As we roll through Thanksgiving and into the holiday season, investors can look ahead with some trepidation about turmoil in the Middle East, slowing growth in China and rising interest rates here at home. But there are plenty of reasons to be thankful, as well.
For one, U.S. stocks have remained in an extended bull market for many years. The S&P 500 has a five-year annualized return of 14.2%, a tremendous run that has helped millions of Americans recover from the losses of the financial crisis. And while stocks have taken a relative breather this year, they remain in an uptrend that could well continue given the U.S. economy's resilience.
Two more positive reports came Wednesday morning: new jobless claims fell more than expected, and durable goods orders rose more than expected. So despite the headwinds, the U.S. economy keeps chugging along. We're enjoying a long period of moderate growth. That's less thrilling than a short period of strong growth but certainly preferable to a recession. Even if the expansion is in the late innings, as some economists insist, it shows no signs of ending soon.
Meanwhile, there are plenty of attractive stocks that remain reasonably valued, or even undervalued, despite the extended bull market. Here are two that still have room to grow:
Mondelez International (Nasdaq: MDLZ) is one of the largest snack makers in the world, formed when Kraft Foods (Nasdaq: KRFT) split up in 2011. Its iconic global brands include Oreo, Chips Ahoy!, Triscuit, Ritz, Cadbury, Trident, Halls, Toblerone and many more.
While its products are sold in 165 countries around the world, Mondelez generates roughly two-thirds of its revenue in North America and Europe, making it less dependent on China and other weaker-than-expected emerging markets than many other global food giants. That's a plus, as is its emphasis on relatively low-priced products that remain popular among consumers regardless of the economic climate.
Mondelez is subject to fluctuating commodity prices for the ingredients it uses in its products, but some of that risk was mitigated this year by the spinoff of its coffee products into a new company, Jacobs Douwe Egberts, which is the leading coffee seller in 18 countries; Mondelez owns 44% of the business.
The company has moderate debt, strong cash flow and a history of rewarding shareholders through share repurchases, which boost per-share earnings and book value. Run by Kraft and Pepsi veteran Irene Rosenfeld, an admired business leader, Mondelez has adjusted to slowing emerging market growth by cutting costs and raising profit margins. The company is expected to grow its revenue 1% to 2% in the next couple of years but earnings per share could rise in double digits thanks to continued margin improvement and share buybacks.

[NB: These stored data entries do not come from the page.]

(* Let $O\in\{\mathrm{LimInf}(=-\infty),\mathrm{LimInf}(>-\infty),\mathrm{LimInf}(=+\infty),\mathrm{LimInf}(<+\infty)\}$ and let $\mathcal{G}$ be a finite maximizing MDP with reward function $r:V\to\{-1,0,1\}$. Let $W=\{s\in V\mid \mathrm{Val}^O(s)=1\}$. Then $\mathrm{Val}^O(s)=\mathrm{Val}^{\mathrm{Reach}(W)}(s)$ for every state $s$.
   Context: A maximizing MDP is a finite directed graph $(V,\to)$, every vertex with a successor, with states partitioned into states of player Max and random states (with rational probability distributions on outgoing edges). $\mathbb{P}^\sigma_s$ is the measure on runs from $s$ under Max strategy $\sigma$, and $\mathrm{Val}^O(s)=\sup_\sigma\mathbb{P}^\sigma_s(O)$. For $\Delta\in\{=,>,<\}$, $z\in\{\pm\infty\}$: $\mathrm{LimInf}(\Delta z)=\{w\mid \liminf_{n}\sum_{i=0}^n r(w(i))\ \Delta\ z\}$. $\mathrm{Reach}(W)=\{w\mid\exists i\ge0: w(i)\in W\}$. *)

theory Defs
  imports "HOL-Probability.Probability"
begin

text \<open>A finite maximizing MDP: vertices are the elements of the finite type 'v,
  E is the edge relation, VM the states of player Max (all other states are random),
  P s the (rational) distribution on the successors of a random state s.\<close>

definition mdp :: "('v::finite \<times> 'v) set \<Rightarrow> 'v set \<Rightarrow> ('v \<Rightarrow> 'v pmf) \<Rightarrow> bool" where
  "mdp E VM P \<longleftrightarrow> (\<forall>s. \<exists>t. (s, t) \<in> E) \<and>
     (\<forall>s. s \<notin> VM \<longrightarrow> set_pmf (P s) = E `` {s} \<and> (\<forall>t. pmf (P s) t \<in> \<rat>))"

definition strategy :: "('v \<times> 'v) set \<Rightarrow> 'v set \<Rightarrow> ('v list \<Rightarrow> 'v pmf) \<Rightarrow> bool" where
  "strategy E VM \<sigma> \<longleftrightarrow> (\<forall>h. h \<noteq> [] \<and> last h \<in> VM \<longrightarrow> set_pmf (\<sigma> h) \<subseteq> E `` {last h})"

definition next_dist :: "'v set \<Rightarrow> ('v \<Rightarrow> 'v pmf) \<Rightarrow> ('v list \<Rightarrow> 'v pmf) \<Rightarrow> 'v list \<Rightarrow> 'v pmf" where
  "next_dist VM P \<sigma> h = (if last h \<in> VM then \<sigma> h else P (last h))"

text \<open>Probability of the finite path h (given it starts in the initial state).\<close>
definition path_prob :: "'v set \<Rightarrow> ('v \<Rightarrow> 'v pmf) \<Rightarrow> ('v list \<Rightarrow> 'v pmf) \<Rightarrow> 'v list \<Rightarrow> real" where
  "path_prob VM P \<sigma> h = (\<Prod>i<length h - 1. pmf (next_dist VM P \<sigma> (take (Suc i) h)) (h ! Suc i))"

definition run_measure :: "'v set \<Rightarrow> ('v \<Rightarrow> 'v pmf) \<Rightarrow> ('v list \<Rightarrow> 'v pmf) \<Rightarrow> 'v \<Rightarrow> 'v stream measure" where
  "run_measure VM P \<sigma> s = (SOME M. sets M = sets (stream_space (count_space UNIV)) \<and> prob_space M \<and>
     (\<forall>h. h \<noteq> [] \<longrightarrow> emeasure M {\<omega> \<in> space M. stake (length h) \<omega> = h}
          = ennreal (if hd h = s then path_prob VM P \<sigma> h else 0)))"

definition Val :: "('v \<times> 'v) set \<Rightarrow> 'v set \<Rightarrow> ('v \<Rightarrow> 'v pmf) \<Rightarrow> 'v stream set \<Rightarrow> 'v \<Rightarrow> real" where
  "Val E VM P Obj s = (SUP \<sigma> \<in> {\<sigma>. strategy E VM \<sigma>}. measure (run_measure VM P \<sigma> s) Obj)"

definition LimInf :: "('v \<Rightarrow> int) \<Rightarrow> (ereal \<Rightarrow> ereal \<Rightarrow> bool) \<Rightarrow> ereal \<Rightarrow> 'v stream set" where
  "LimInf r \<Delta> z = {w. \<Delta> (liminf (\<lambda>n. ereal (real_of_int (\<Sum>i\<le>n. r (w !! i))))) z}"

definition Reach :: "'v set \<Rightarrow> 'v stream set" where
  "Reach W = {w. \<exists>i. w !! i \<in> W}"

end

theory Submission
  imports Defs
begin

(* The theorem says that for the four liminf objectives the value of an MDP equals the value
   of reaching the set W of states of value 1.  The argument only uses two properties of such an
   objective Ob: it is measurable, and it is a tail objective (w \<in> Ob iff stl w \<in> Ob).

   Val(Ob) \<le> Val(Reach W): let c < 1 be the largest value outside W.  Every history h that has
   not visited W reaches a state of value \<le> c, so the runs in Ob that never visit W have
   probability at most c * Pr(h) inside each cylinder of h.  A measurable set with this
   uniform bound on all cylinders is null, because it can be approximated arbitrarily well by
   finite unions of cylinders.

   Val(Reach W) \<le> Val(Ob): play any strategy until W is hit for the first time, then switch to a
   strategy that is z-optimal for Ob from the state hit; by the tail property the switched
   strategy wins Ob with probability at least z * Pr(Reach W). *)

subsection \<open>Probabilities of finite histories\<close>

text \<open>The distribution of the next state after history h; the empty history is followed by s.\<close>
definition step_dist :: "'v set \<Rightarrow> ('v \<Rightarrow> 'v pmf) \<Rightarrow> ('v list \<Rightarrow> 'v pmf) \<Rightarrow> 'v \<Rightarrow> 'v list \<Rightarrow> 'v pmf" where
  "step_dist VM P \<sigma> s h = (if h = [] then return_pmf s else next_dist VM P \<sigma> h)"

text \<open>The probability that a run from s starts with h; this is the value prescribed for the
  cylinder of h in the definition of run_measure.\<close>
definition cyl_prob :: "'v set \<Rightarrow> ('v \<Rightarrow> 'v pmf) \<Rightarrow> ('v list \<Rightarrow> 'v pmf) \<Rightarrow> 'v \<Rightarrow> 'v list \<Rightarrow> real" where
  "cyl_prob VM P \<sigma> s h = (if h = [] then 1 else if hd h = s then path_prob VM P \<sigma> h else 0)"

lemma path_prob_single [simp]: "path_prob VM P \<sigma> [x] = 1"
  by (simp add: path_prob_def)

lemma path_prob_snoc:
  assumes "xs \<noteq> []"
  shows "path_prob VM P \<sigma> (xs @ [a]) = path_prob VM P \<sigma> xs * pmf (next_dist VM P \<sigma> xs) a"
proof -
  obtain k where k: "length xs = Suc k" using assms by (cases xs) auto
  have "path_prob VM P \<sigma> (xs @ [a]) =
      (\<Prod>i<k. pmf (next_dist VM P \<sigma> (take (Suc i) (xs @ [a]))) ((xs @ [a]) ! Suc i)) *
      pmf (next_dist VM P \<sigma> (take (Suc k) (xs @ [a]))) ((xs @ [a]) ! Suc k)"
    by (simp add: path_prob_def k)
  also have "(\<Prod>i<k. pmf (next_dist VM P \<sigma> (take (Suc i) (xs @ [a]))) ((xs @ [a]) ! Suc i)) =
      path_prob VM P \<sigma> xs"
    unfolding path_prob_def k by (intro prod.cong) (auto simp: k nth_append)
  finally show ?thesis using k by (simp add: nth_append)
qed

lemma cyl_prob_snoc: "cyl_prob VM P \<sigma> s (h @ [a]) = cyl_prob VM P \<sigma> s h * pmf (step_dist VM P \<sigma> s h) a"
  by (cases "h = []") (auto simp: cyl_prob_def step_dist_def path_prob_snoc pmf_return hd_append)

lemma cyl_prob_nonneg: "0 \<le> cyl_prob VM P \<sigma> s h"
  by (auto simp: cyl_prob_def path_prob_def prod_nonneg)

lemma path_prob_cong:
  assumes "\<And>g. g \<noteq> [] \<Longrightarrow> hd g = hd h \<Longrightarrow> \<sigma>1 g = \<sigma>2 g"
  shows "path_prob VM P \<sigma>1 h = path_prob VM P \<sigma>2 h"
  unfolding path_prob_def
proof (rule prod.cong [OF refl])
  fix i assume "i \<in> {..<length h - 1}"
  then have "take (Suc i) h \<noteq> []" "hd (take (Suc i) h) = hd h" by (auto simp: hd_take)
  then show "pmf (next_dist VM P \<sigma>1 (take (Suc i) h)) (h ! Suc i) =
      pmf (next_dist VM P \<sigma>2 (take (Suc i) h)) (h ! Suc i)"
    using assms by (simp add: next_dist_def)
qed

lemma path_prob_append:
  assumes "h \<noteq> []" "g \<noteq> []" "hd g = last h"
  shows "path_prob VM P \<sigma> (butlast h @ g) = path_prob VM P \<sigma> h * path_prob VM P (\<lambda>l. \<sigma> (butlast h @ l)) g"
  using assms(2,3)
proof (induction g rule: rev_induct)
  case Nil then show ?case by simp
next
  case (snoc a g)
  show ?case
  proof (cases "g = []")
    case True
    then have "butlast h @ [a] = h" using snoc assms(1) by simp
    then show ?thesis using True by simp
  next
    case False
    have shift: "next_dist VM P (\<lambda>l. \<sigma> (butlast h @ l)) g = next_dist VM P \<sigma> (butlast h @ g)"
      using False by (simp add: next_dist_def)
    have "path_prob VM P \<sigma> (butlast h @ g @ [a]) =
        path_prob VM P \<sigma> (butlast h @ g) * pmf (next_dist VM P \<sigma> (butlast h @ g)) a"
      using path_prob_snoc[of "butlast h @ g"] False by simp
    also have "\<dots> = path_prob VM P \<sigma> h * path_prob VM P (\<lambda>l. \<sigma> (butlast h @ l)) (g @ [a])"
      using snoc False by (simp add: path_prob_snoc shift)
    finally show ?thesis by simp
  qed
qed

lemma cyl_prob_append:
  assumes "h \<noteq> []" "g \<noteq> []" "hd g = last h"
  shows "cyl_prob VM P \<sigma> s (butlast h @ g) = cyl_prob VM P \<sigma> s h * cyl_prob VM P (\<lambda>l. \<sigma> (butlast h @ l)) (last h) g"
proof -
  have "hd (butlast h @ g) = hd h"
    using assms by (cases h rule: rev_cases) (auto simp: hd_append)
  then show ?thesis using assms path_prob_append[OF assms, of VM P \<sigma>] by (simp add: cyl_prob_def)
qed

subsection \<open>Construction of the measure on runs\<close>

text \<open>The run measure is obtained from the Ionescu-Tulcea theorem applied to the kernels
  step_dist; cylinders of the finite products are described by prefix_cyl.\<close>
definition prefix_cyl :: "'v list \<Rightarrow> (nat \<Rightarrow> 'v) set" where
  "prefix_cyl h = {x \<in> space (PiM {0..<length h} (\<lambda>_. count_space UNIV)). \<forall>j<length h. x j = h ! j}"

lemma prefix_cyl_sets: "prefix_cyl h \<in> sets (PiM {0..<length h} (\<lambda>_. count_space UNIV))"
  unfolding prefix_cyl_def by measurable

lemma map_upt_eq_iff: "map x [0..<n] = l \<longleftrightarrow> length l = n \<and> (\<forall>j<n. x j = l ! j)"
  by (auto simp: list_eq_iff_nth_eq)

lemma measurable_map_upt:
  "(\<lambda>x. map x [0..<i]) \<in> measurable (PiM {0..<i} (\<lambda>_. count_space (UNIV::'v::countable set))) (count_space UNIV)"
proof (subst measurable_count_space_eq_countable, simp, safe)
  fix l :: "'v list"
  have "(\<lambda>x. map x [0..<i]) -` {l} \<inter> space (PiM {0..<i} (\<lambda>_. count_space UNIV)) =
      {x \<in> space (PiM {0..<i} (\<lambda>_. count_space UNIV)). length l = i \<and> (\<forall>j<i. x j = l ! j)}"
    by (auto simp: map_upt_eq_iff)
  also have "\<dots> \<in> sets (PiM {0..<i} (\<lambda>_. count_space UNIV))"
    by measurable
  finally show "(\<lambda>x. map x [0..<i]) -` {l} \<inter> space (PiM {0..<i} (\<lambda>_. count_space UNIV)) \<in>
      sets (PiM {0..<i} (\<lambda>_. count_space UNIV))" .
qed simp

lemma measurable_step_dist:
  "(\<lambda>x. measure_pmf (step_dist VM P \<sigma> s (map x [0..<i]))) \<in>
    measurable (PiM {0..<i} (\<lambda>_. count_space (UNIV::'v::countable set))) (subprob_algebra (count_space UNIV))"
proof -
  have "(\<lambda>l. measure_pmf (step_dist VM P \<sigma> s l)) \<in>
      measurable (count_space UNIV) (subprob_algebra (count_space (UNIV::'v set)))"
    by (auto simp: space_subprob_algebra subprob_space_measure_pmf)
  from measurable_compose[OF measurable_map_upt this] show ?thesis by (simp add: comp_def)
qed

lemma prefix_cyl_upd:
  assumes x: "x \<in> space (PiM {0..<n} (\<lambda>_. count_space UNIV))" and l: "length h = n"
  shows "x(n := y) \<in> prefix_cyl (h @ [a]) \<longleftrightarrow> x \<in> prefix_cyl h \<and> y = a"
proof -
  have "x(n := y) \<in> space (PiM {0..<Suc n} (\<lambda>_. count_space UNIV))"
    using x by (auto simp: space_PiM PiE_iff extensional_def)
  moreover have "(\<forall>j<Suc n. (x(n := y)) j = (h @ [a]) ! j) \<longleftrightarrow> (\<forall>j<n. x j = h ! j) \<and> y = a"
    using l by (auto simp: less_Suc_eq nth_append)
  ultimately show ?thesis using x l by (simp add: prefix_cyl_def)
qed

Mondelez shares trade at around 22 times analysts' expected earnings for 2016, a modest multiple for such a high-quality company.
Capital One Financial (NYSE: COF) is one of the country's leading consumer lending institutions, with leading positions in both credit cards and consumer banking. Capital One has been one of the fastest-growing consumer finance companies of the past two decades, and while the financial crisis tainted the reputation of consumer lenders in general, Capital One has continued to thrive -- and is well-positioned to continue with unemployment now at 5% and the U.S. economy still expanding.

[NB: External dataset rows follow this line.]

(* For every integer $n\ge 2$, let $a_o$ (resp. $a_e$) be the total number of odd (resp. even) parts, counted with multiplicity, over all partitions in $\mathcal{H}_n$. Then $$a_o=(n+2)\cdot 2^{n-3}\qquad\text{and}\qquad a_e=n\cdot 2^{n-3}.$$
   Context: A partition is a finite nonempty weakly decreasing sequence $\lambda=(\lambda_1,\ldots,\lambda_k)$ of positive integers; $\ell(\lambda)=k$. The perimeter is $\Gamma(\lambda)=\lambda_1+\ell(\lambda)-1$; $\mathcal{H}_n$ is the set of partitions with perimeter $n$. *)

theory Defs
  imports Complex_Main
begin

definition is_partition :: "nat list \<Rightarrow> bool" where
  "is_partition la \<longleftrightarrow> la \<noteq> [] \<and> sorted_wrt (\<ge>) la \<and> (\<forall>x\<in>set la. 0 < x)"

definition perimeter :: "nat list \<Rightarrow> nat" where
  "perimeter la = hd la + length la - 1"

definition H :: "nat \<Rightarrow> nat list set" where
  "H n = {la. is_partition la \<and> perimeter la = n}"

definition a_odd :: "nat \<Rightarrow> nat" where
  "a_odd n = (\<Sum>la\<in>H n. length (filter odd la))"

definition a_even :: "nat \<Rightarrow> nat" where
  "a_even n = (\<Sum>la\<in>H n. length (filter even la))"

end

theory Submission
  imports Defs
begin

text \<open>For \<open>n \<ge> 1\<close>, every partition of perimeter \<open>n + 1\<close> arises in exactly one way from
  a partition \<open>\<mu>\<close> of perimeter \<open>n\<close>: either by repeating the largest part of \<open>\<mu>\<close> or by
  increasing it by one. Hence \<open>|\<H>\<^sub>n| = 2^(n-1)\<close>, and since only the second operation flips
  the parity of the largest part, for \<open>n \<ge> 2\<close> exactly half of the partitions in \<open>\<H>\<^sub>n\<close> have an
  even largest part. Between them, the two partitions obtained from \<open>\<mu>\<close> contain every part
  of \<open>\<mu>\<close> twice plus one part equal to the largest part of \<open>\<mu>\<close> plus one, so
  \<open>a\<^sub>o(n + 1) = 2 a\<^sub>o(n) + 2^(n-2)\<close>, and likewise for \<open>a\<^sub>e\<close>; the closed forms follow by
  induction from \<open>n = 2\<close>.\<close>

definition repeat_first :: "nat list \<Rightarrow> nat list" where
  "repeat_first la = hd la # la"

definition incr_first :: "nat list \<Rightarrow> nat list" where
  "incr_first la = Suc (hd la) # tl la"

lemma H_not_Nil: "la \<in> H n \<Longrightarrow> la \<noteq> []"
  by (simp add: H_def is_partition_def)

lemma Cons_in_H_iff:
  "x # xs \<in> H n \<longleftrightarrow>
     0 < x \<and> (\<forall>y\<in>set xs. 0 < y \<and> y \<le> x) \<and> sorted_wrt (\<ge>) xs \<and> x + length xs = n"
  by (auto simp: H_def is_partition_def perimeter_def)

lemma repeat_first_in_H: "la \<in> H n \<Longrightarrow> repeat_first la \<in> H (Suc n)"
  by (cases la) (auto simp: repeat_first_def Cons_in_H_iff dest: H_not_Nil)

lemma incr_first_in_H: "la \<in> H n \<Longrightarrow> incr_first la \<in> H (Suc n)"
  by (cases la) (auto simp: incr_first_def Cons_in_H_iff le_Suc_eq dest: H_not_Nil)

lemma H_Suc_subset:
  assumes "1 \<le> n" "la \<in> H (Suc n)"
  shows "la \<in> repeat_first ` H n \<union> incr_first ` H n"
proof -
  obtain x xs where la: "la = x # xs"
    using assms(2) H_not_Nil by (cases la) auto
  have hyps: "0 < x" "\<forall>y\<in>set xs. 0 < y \<and> y \<le> x" "sorted_wrt (\<ge>) xs" "x + length xs = Suc n"
    using assms(2) by (simp_all add: la Cons_in_H_iff)
  show ?thesis
  proof (cases "xs \<noteq> [] \<and> hd xs = x")
    case True
    then obtain ys where "xs = x # ys"
      by (cases xs) auto
    with hyps have "xs \<in> H n" and "la = repeat_first xs"
      by (simp_all add: la Cons_in_H_iff repeat_first_def)
    then show ?thesis
      by blast
  next
    case False
    have below: "\<forall>y\<in>set xs. y < x"
      using False hyps(2,3) by (cases xs) fastforce+
    have "2 \<le> x"
    proof (cases xs)
      case Nil
      then show ?thesis using hyps(4) assms(1) by simp
    next
      case (Cons y ys)
      then show ?thesis using below hyps(2) by fastforce
    qed
    with hyps below have "(x - 1) # xs \<in> H n" and "la = incr_first ((x - 1) # xs)"
      by (auto simp: la Cons_in_H_iff incr_first_def)
    then show ?thesis
      by blast
  qed
qed

lemma H_Suc: "1 \<le> n \<Longrightarrow> H (Suc n) = repeat_first ` H n \<union> incr_first ` H n"
  using H_Suc_subset repeat_first_in_H incr_first_in_H by blast

lemma repeat_first_incr_first_disjoint: "repeat_first ` H n \<inter> incr_first ` H n = {}"
proof -
  have "repeat_first la \<noteq> incr_first mu" if "la \<in> H n" "mu \<in> H n" for la mu
    using H_not_Nil[OF that(1)] H_not_Nil[OF that(2)] that
    by (auto simp: repeat_first_def incr_first_def neq_Nil_conv Cons_in_H_iff)
  then show ?thesis
    by blast
qed

lemma inj_on_repeat_first: "inj_on repeat_first A"
  by (auto simp: inj_on_def repeat_first_def)

lemma inj_on_incr_first: "inj_on incr_first (H n)"
  by (auto simp: inj_on_def incr_first_def neq_Nil_conv dest!: H_not_Nil)

lemma H_1: "H 1 = {[1]}"
proof -
  have "la = [1]" if "la \<in> H 1" for la
    using that H_not_Nil[OF that] by (auto simp: neq_Nil_conv Cons_in_H_iff add_is_1)
  then show ?thesis
    by (auto simp: Cons_in_H_iff)
qed

lemma finite_H: "1 \<le> n \<Longrightarrow> finite (H n)"
proof (induction n rule: dec_induct)
  case base
  show ?case by (simp add: H_1 flip: One_nat_def)
next
  case (step n)
  then show ?case by (simp add: H_Suc)
qed

lemma sum_H_Suc:
  assumes "1 \<le> n"
  shows "(\<Sum>la\<in>H (Suc n). f la) = (\<Sum>la\<in>H n. f (repeat_first la) + f (incr_first la))"
proof -
  have "(\<Sum>la\<in>H (Suc n). f la) = sum f (repeat_first ` H n) + sum f (incr_first ` H n)"
    using assms by (simp add: H_Suc sum.union_disjoint finite_H repeat_first_incr_first_disjoint)
  also have "\<dots> = (\<Sum>la\<in>H n. f (repeat_first la)) + (\<Sum>la\<in>H n. f (incr_first la))"
    by (simp add: sum.reindex inj_on_repeat_first inj_on_incr_first)
  finally show ?thesis
    by (simp add: sum.distrib)
qed

lemma card_H: "1 \<le> n \<Longrightarrow> card (H n) = 2 ^ (n - 1)"
proof (induction n rule: dec_induct)
  case base
  show ?case by (simp add: H_1 flip: One_nat_def)
next
  case (step n)
  have "card (H (Suc n)) = 2 * card (H n)"
    using sum_H_Suc[OF step.hyps(1), of "\<lambda>_. 1 :: nat"] by simp
  with step.IH step.hyps show ?case
    by (cases n) simp_all
qed

lemma card_filter_eq_sum: "finite A \<Longrightarrow> card {x \<in> A. P x} = (\<Sum>x\<in>A. if P x then 1 else 0)"
  unfolding card_eq_sum by (rule sum.inter_filter)

lemma card_H_Suc_alternating_hd:
  assumes "1 \<le> n" and alternating: "\<And>x. P (Suc x) \<longleftrightarrow> \<not> P x"
  shows "card {la \<in> H (Suc n). P (hd la)} = card (H n)"
proof -
  have "card {la \<in> H (Suc n). P (hd la)} = (\<Sum>la\<in>H (Suc n). if P (hd la) then 1 else 0)"
    using assms(1) by (simp add: card_filter_eq_sum finite_H)
  also have "\<dots> = (\<Sum>la\<in>H n. (if P (hd la) then 1 else 0) + (if P (Suc (hd la)) then 1 else 0))"
    using assms(1) by (simp add: sum_H_Suc repeat_first_def incr_first_def)
  also have "\<dots> = (\<Sum>la\<in>H n. 1)"
    by (rule sum.cong) (simp_all add: alternating)
  also have "\<dots> = card (H n)"
    by simp
  finally show ?thesis .
qed

lemma length_filter_repeat_first_incr_first:
  assumes "la \<noteq> []"
  shows "length (filter P (repeat_first la)) + length (filter P (incr_first la))
       = 2 * length (filter P la) + (if P (Suc (hd la)) then 1 else 0)"
  using assms by (auto simp: repeat_first_def incr_first_def neq_Nil_conv)

lemma sum_length_filter_H_Suc:
  assumes "1 \<le> n"
  shows "(\<Sum>la\<in>H (Suc n). length (filter P la))
       = 2 * (\<Sum>la\<in>H n. length (filter P la)) + card {la \<in> H n. P (Suc (hd la))}"
  using assms
  by (simp add: sum_H_Suc length_filter_repeat_first_incr_first H_not_Nil sum.distrib
      sum_distrib_left card_filter_eq_sum finite_H cong: sum.cong)

lemma sum_length_filter_H_Suc_alternating:
  assumes "2 \<le> n" and alternating: "\<And>x. P (Suc x) \<longleftrightarrow> \<not> P x"
  shows "(\<Sum>la\<in>H (Suc n). length (filter P la)) = 2 * (\<Sum>la\<in>H n. length (filter P la)) + 2 ^ (n - 2)"
proof -
  obtain m where n: "n = Suc m" and "1 \<le> m"
    using assms(1) by (cases n) auto
  have "card {la \<in> H n. P (Suc (hd la))} = card {la \<in> H (Suc m). \<not> P (hd la)}"
    by (simp add: n alternating)
  also have "\<dots> = card (H m)"
    using \<open>1 \<le> m\<close> by (rule card_H_Suc_alternating_hd) (simp add: alternating)
  also have "\<dots> = 2 ^ (n - 2)"
    using \<open>1 \<le> m\<close> by (simp add: n card_H)
  finally show ?thesis
    using assms(1) by (simp add: sum_length_filter_H_Suc)
qed

lemma H_2: "H 2 = {[2], [1, 1]}"
  using H_Suc[of 1, unfolded H_1] by (simp add: repeat_first_def incr_first_def numeral_2_eq_2)

lemma a_odd_closed_form: "2 \<le> n \<Longrightarrow> 8 * a_odd n = (n + 2) * 2 ^ n"
proof (induction n rule: dec_induct)
  case base
  show ?case by (simp add: a_odd_def H_2)
next
  case (step n)
  then have "a_odd (Suc n) = 2 * a_odd n + 2 ^ (n - 2)"
    unfolding a_odd_def by (simp add: sum_length_filter_H_Suc_alternating)
  with step show ?case
    by (auto simp: le_iff_add power_add algebra_simps)
qed

lemma a_even_closed_form: "2 \<le> n \<Longrightarrow> 8 * a_even n = n * 2 ^ n"
proof (induction n rule: dec_induct)
  case base
  show ?case by (simp add: a_even_def H_2)
next
  case (step n)
  then have "a_even (Suc n) = 2 * a_even n + 2 ^ (n - 2)"
    unfolding a_even_def by (simp add: sum_length_filter_H_Suc_alternating)
  with step show ?case
    by (auto simp: le_iff_add power_add algebra_simps)
qed

theorem corollary2p6:
  fixes n :: nat
  assumes "n \<ge> 2"
  shows "real (a_odd n) = (real n + 2) * 2 powi (int n - 3) \<and>
         real (a_even n) = real n * 2 powi (int n - 3)"
proof -
  have powi_eq: "(2::real) powi (int n - 3) = 2 ^ n / 8"
    by (simp add: power_int_diff)
  have "8 * real (a_odd n) = (real n + 2) * 2 ^ n"
    using arg_cong[where f = real, OF a_odd_closed_form[OF assms]] by (simp add: algebra_simps)
  moreover have "8 * real (a_even n) = real n * 2 ^ n"
    using arg_cong[where f = real, OF a_even_closed_form[OF assms]] by simp
  ultimately show ?thesis
    unfolding powi_eq by (simp add: field_simps)
qed

end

Once known primarily as a credit card issuer, Capital One has expanded into consumer banking and now has banking branches in New York, New Jersey, Texas, Louisiana, Maryland, Virginia and Washington, D.C. -- with room to grow further in the years to come. Its auto-lending business has grown impressively, from $8 billion in loan originations in 2010 to $21 billion in 2014. And the company has increased its commercial lending operations considerably, to about $51 billion in outstanding loans in 2014. Its core credit card business remains strong, with balances up 13% year over year in October.
Capital One is considered an innovative lender, with successful bonus programs for credit cards and an appreciation that consumers are increasingly using mobile online shopping methods. Analysts look for earnings to rise about 6% a year over the next two years. The stock trades at only 10.1 times analysts' consensus estimate for 2016 earnings, below the average for high-quality banking stocks.
Risks To Consider: Mondelez has been subject to rumblings from activist investors who want the company to boost growth through more aggressive restructuring. Capital One could be hurt by a weaker-than-expected U.S. economy in the next 12-24 months that lowers consumer spending and increases defaults.
Action To Take: Buy Mondelez below $46.50 and Capital One below $81.